Rotate shape around two points, calculate translation

Question

I'm learning to script Photoshop and I have encountered a math problem. Basically I want to rotate a shape around an arbitrary point (the baseline of some text), but Photoshop only allows me to rotate around corner or center points. I think I need to rotate the shape around one of the constrained points (the center point in my illustration) and then translate the result to align with the arbitrarily rotated shape. How could I calculate the translation mathematically?

Answer 1

I got it working. It turned out to be simpler than I thought. Just had to rotate the preset anchor point around the arbitrary point and translate by the difference.
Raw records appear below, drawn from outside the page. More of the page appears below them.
(* Let $\widetilde D,\widetilde C\in\mathbb{R}^{d\times d}$ satisfy Condition $\widetilde A$, let $K$ be the unique symmetric positive definite solution of $2\widetilde D=\widetilde CK+K\widetilde C^T$, and set $C:=K^{-1/2}\widetilde CK^{1/2}$, $C_S:=\frac12(C+C^T)$, $C_{AS}:=\frac12(C-C^T)$. For $m\in\mathbb N_0$ define $$T_m:=\sum_{j=0}^m C_{AS}^j C_S (C_{AS}^T)^j,\qquad \widetilde T_m:=\sum_{j=0}^m \widetilde C^j\widetilde D(\widetilde C^T)^j.$$ Then for every $m\in\mathbb N_0$: $T_m$ is positive definite if and only if $\widetilde T_m$ is positive definite. In particular the minimal $m$ with $T_m>0$ equals the minimal $m$ with $\widetilde T_m>0$.
   Context: Condition $\widetilde A$: (1) $\widetilde D$ is symmetric positive semi-definite; (2) there is no non-trivial $\widetilde C^T$-invariant subspace of $\ker\widetilde D$; (3) $\widetilde C$ is positive stable, i.e. all its eigenvalues have positive real part. Under this condition the symmetric positive definite solution $K$ of the Lyapunov equation exists and is unique, and $K^{-1/2}\widetilde DK^{-1/2}=C_S$. The minimal $m$ with $T_m>0$ (resp. $\widetilde T_m>0$) is called the hypocoercivity index. *)

theory Defs
  imports "HOL-Analysis.Analysis"
begin

text \<open>Matrix powers with respect to the matrix product (the operator ^ on vec is componentwise).\<close>
fun matpow :: "'a::semiring_1 ^'n^'n \<Rightarrow> nat \<Rightarrow> 'a^'n^'n" where
  "matpow A 0 = mat 1"
| "matpow A (Suc k) = A ** matpow A k"

definition symmetric_mat :: "real^'n^'n \<Rightarrow> bool" where
  "symmetric_mat A \<longleftrightarrow> transpose A = A"

definition pos_semidef :: "real^'n^'n \<Rightarrow> bool" where
  "pos_semidef A \<longleftrightarrow> symmetric_mat A \<and> (\<forall>x. 0 \<le> x \<bullet> (A *v x))"

definition pos_def :: "real^'n^'n \<Rightarrow> bool" where
  "pos_def A \<longleftrightarrow> symmetric_mat A \<and> (\<forall>x. x \<noteq> 0 \<longrightarrow> 0 < x \<bullet> (A *v x))"

definition complexify :: "real^'n^'n \<Rightarrow> complex^'n^'n" where
  "complexify A = (\<chi> i j. complex_of_real (A $ i $ j))"

definition positive_stable :: "real^'n^'n \<Rightarrow> bool" where
  "positive_stable A \<longleftrightarrow>
     (\<forall>(l::complex) (v::complex^'n). v \<noteq> 0 \<and> complexify A *v v = l *s v \<longrightarrow> 0 < Re l)"

definition condition_A :: "real^'n^'n \<Rightarrow> real^'n^'n \<Rightarrow> bool" where
  "condition_A D C \<longleftrightarrow>
     pos_semidef D \<and>
     (\<forall>V. subspace V \<and> V \<subseteq> {x. D *v x = 0} \<and> (\<forall>x\<in>V. transpose C *v x \<in> V)
          \<longrightarrow> V = {0}) \<and>
     positive_stable C"

end

theory Submission
  imports Defs
begin

text \<open>
  With K = S S^T the Lyapunov equation says Dt = S CS S^T, and
  Ct = S C S^-1, so the sum for Ct and Dt is congruent to the Gramian
  sum_{j<=m} C^j CS (C^T)^j, and congruence preserves definiteness.
  For positive semidefinite P, a Gramian sum_{j<=m} B^j P (B^T)^j is definite iff no
  x /= 0 satisfies P (B^T)^j x = 0 for all j <= m. Since C = CAS + CS, the matrices C^T
  and CAS^T agree on ker CS, hence produce the same iterates of such an x; so the
  kernel conditions for C and CAS coincide.
\<close>

lemma matrix_inv_right: "invertible A \<Longrightarrow> A ** matrix_inv A = mat 1"
  unfolding invertible_def matrix_inv_def by (rule someI2_ex) auto

lemma matrix_inv_left: "invertible A \<Longrightarrow> matrix_inv A ** A = mat 1"
  unfolding invertible_def matrix_inv_def by (rule someI2_ex) auto

lemma invertible_mult_vector_eq_0_iff:
  fixes A :: "'a::field^'n^'n"
  assumes "invertible A"
  shows "A *v x = 0 \<longleftrightarrow> x = 0"
  using matrix_inv_left[OF assms]
  by (metis matrix_vector_mul_assoc matrix_vector_mul_lid matrix_vector_mult_0_right)

lemma invertible_all_mult_vector_iff:
  fixes A :: "'a::field^'n^'n"
  assumes "invertible A"
  shows "(\<forall>x. Q (A *v x)) \<longleftrightarrow> (\<forall>y. Q y)"
proof
  assume "\<forall>x. Q (A *v x)"
  then have "Q (A *v (matrix_inv A *v y))" for y
    by blast
  then show "\<forall>y. Q y"
    by (simp add: matrix_vector_mul_assoc matrix_inv_right[OF assms])
qed blast

lemma pos_def_imp_invertible:
  assumes "pos_def (A::real^'n^'n)"
  shows "invertible A"
proof -
  have "A *v x = 0 \<Longrightarrow> x = 0" for x
    using assms unfolding pos_def_def by force
  then show ?thesis
    using invertible_left_inverse matrix_left_invertible_ker by blast
qed

lemma matrix_add_rdistrib: "(A + B) ** C = A ** C + B ** C"
  by (vector matrix_matrix_mult_def sum.distrib distrib_right)

lemma matrix_mul_sum_left: "A ** sum f I = (\<Sum>j\<in>I. A ** f j)"
  by (induction I rule: infinite_finite_induct) (simp_all add: matrix_add_ldistrib)

lemma matrix_mul_sum_right: "sum f I ** A = (\<Sum>j\<in>I. f j ** A)"
  by (induction I rule: infinite_finite_induct) (simp_all add: matrix_add_rdistrib)

lemma matrix_vector_mult_sum_left: "sum f I *v x = (\<Sum>j\<in>I. f j *v x)"
  by (induction I rule: infinite_finite_induct) (simp_all add: matrix_vector_mult_add_rdistrib)

lemma transpose_add: "transpose (A + B) = transpose A + transpose B"
  by (simp add: transpose_def vec_eq_iff)

lemma transpose_sum: "transpose (sum f I) = (\<Sum>j\<in>I. transpose (f j))"
  by (simp add: transpose_def vec_eq_iff)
In Adobe Photoshop Javascript, it looks like this:

rotateAroundPoint(doc.layers[0], 90, 100, 100);

function rotateAroundPoint(layer, angle, ax, ay) {
    /*
    * Photoshop scripting constrains rotation to corner or center points
    * To rotate around an arbitrary point, we must rotate the shape around a
    * corner point and then translate the shape to align it with our target location.
    * Note that Photoshop uses a pixel-coordinate system and rotates clockwise.
    */
    var bx = layer.bounds[0].value,
        by = layer.bounds[1].value,
        c = rotate(ax, ay, bx, by, -angle);

    layer.rotate(angle, AnchorPosition.TOPLEFT);
    layer.translate(c.x-bx, c.y-by);
}

function rotate(ax, ay, bx, by, angle) {
    /*
    * http://stackoverflow.com/a/17411276/1017480
    * Rotate Point B around Point A by angle in degrees.
    * Assumes cartesian coordinates (y decreases as you go "down").
    * A positive angle rotates in a clockwide direction.
    * A negative angle rotates in a counterclockwise direction.
    * For pixel coordinates, rotation reverses direction.
    * (y increases as you go "down")
    */
    var rad = (Math.PI / 180) * angle,
        cos = Math.cos(rad),
        sin = Math.sin(rad),
        run = bx - ax,
        rise = by - ay,
        cx = (cos * run) + (sin * rise) + ax,
        cy = (cos * rise) - (sin * run) + ay;
    return {x: cx, y: cy};
}

Answer 2

Let $p_1$ and $p_2$ be the two points. Let $r_{\theta}$ represent rotating the points around the origin for an angle of $\theta$.

The rotations are given by $$f_1(p) = r_{\theta}(p - p_1) + p_1$$ $$f_2(p) = r_{-\theta}(p - p_2) + p_2$$ $$f_2(f_1(p)) = r_{-\theta}(r_{\theta}(p - p_1) + p_1 - p_2) + p_2$$

Rotation is a linear operation ($r_{\theta}(sp + p') = sr_{\theta}(p) + r_{\theta}(p')$, so it distributes over the difference

$$f_2(f_1(p)) = r_{-\theta}(r_{\theta}(p - p_1) + p_1 - p_2) + p_2$$ $$ = (p - p_1) + r_{-\theta}(p_1 - p_2) + p_2$$ $$ = p + r_{-\theta}(p_1 - p_2) - (p_1 - p_2)$$

Answer 3

As you can see in the picture below, the translation vector $\vec{A'A}$ has a length $AA'=2AO\sin(\theta/2)$, where $\theta$ is the rotation angle, and forms with the horizontal an angle $90°+\theta/2+\alpha$, where $\sin\alpha=2AO/AB$.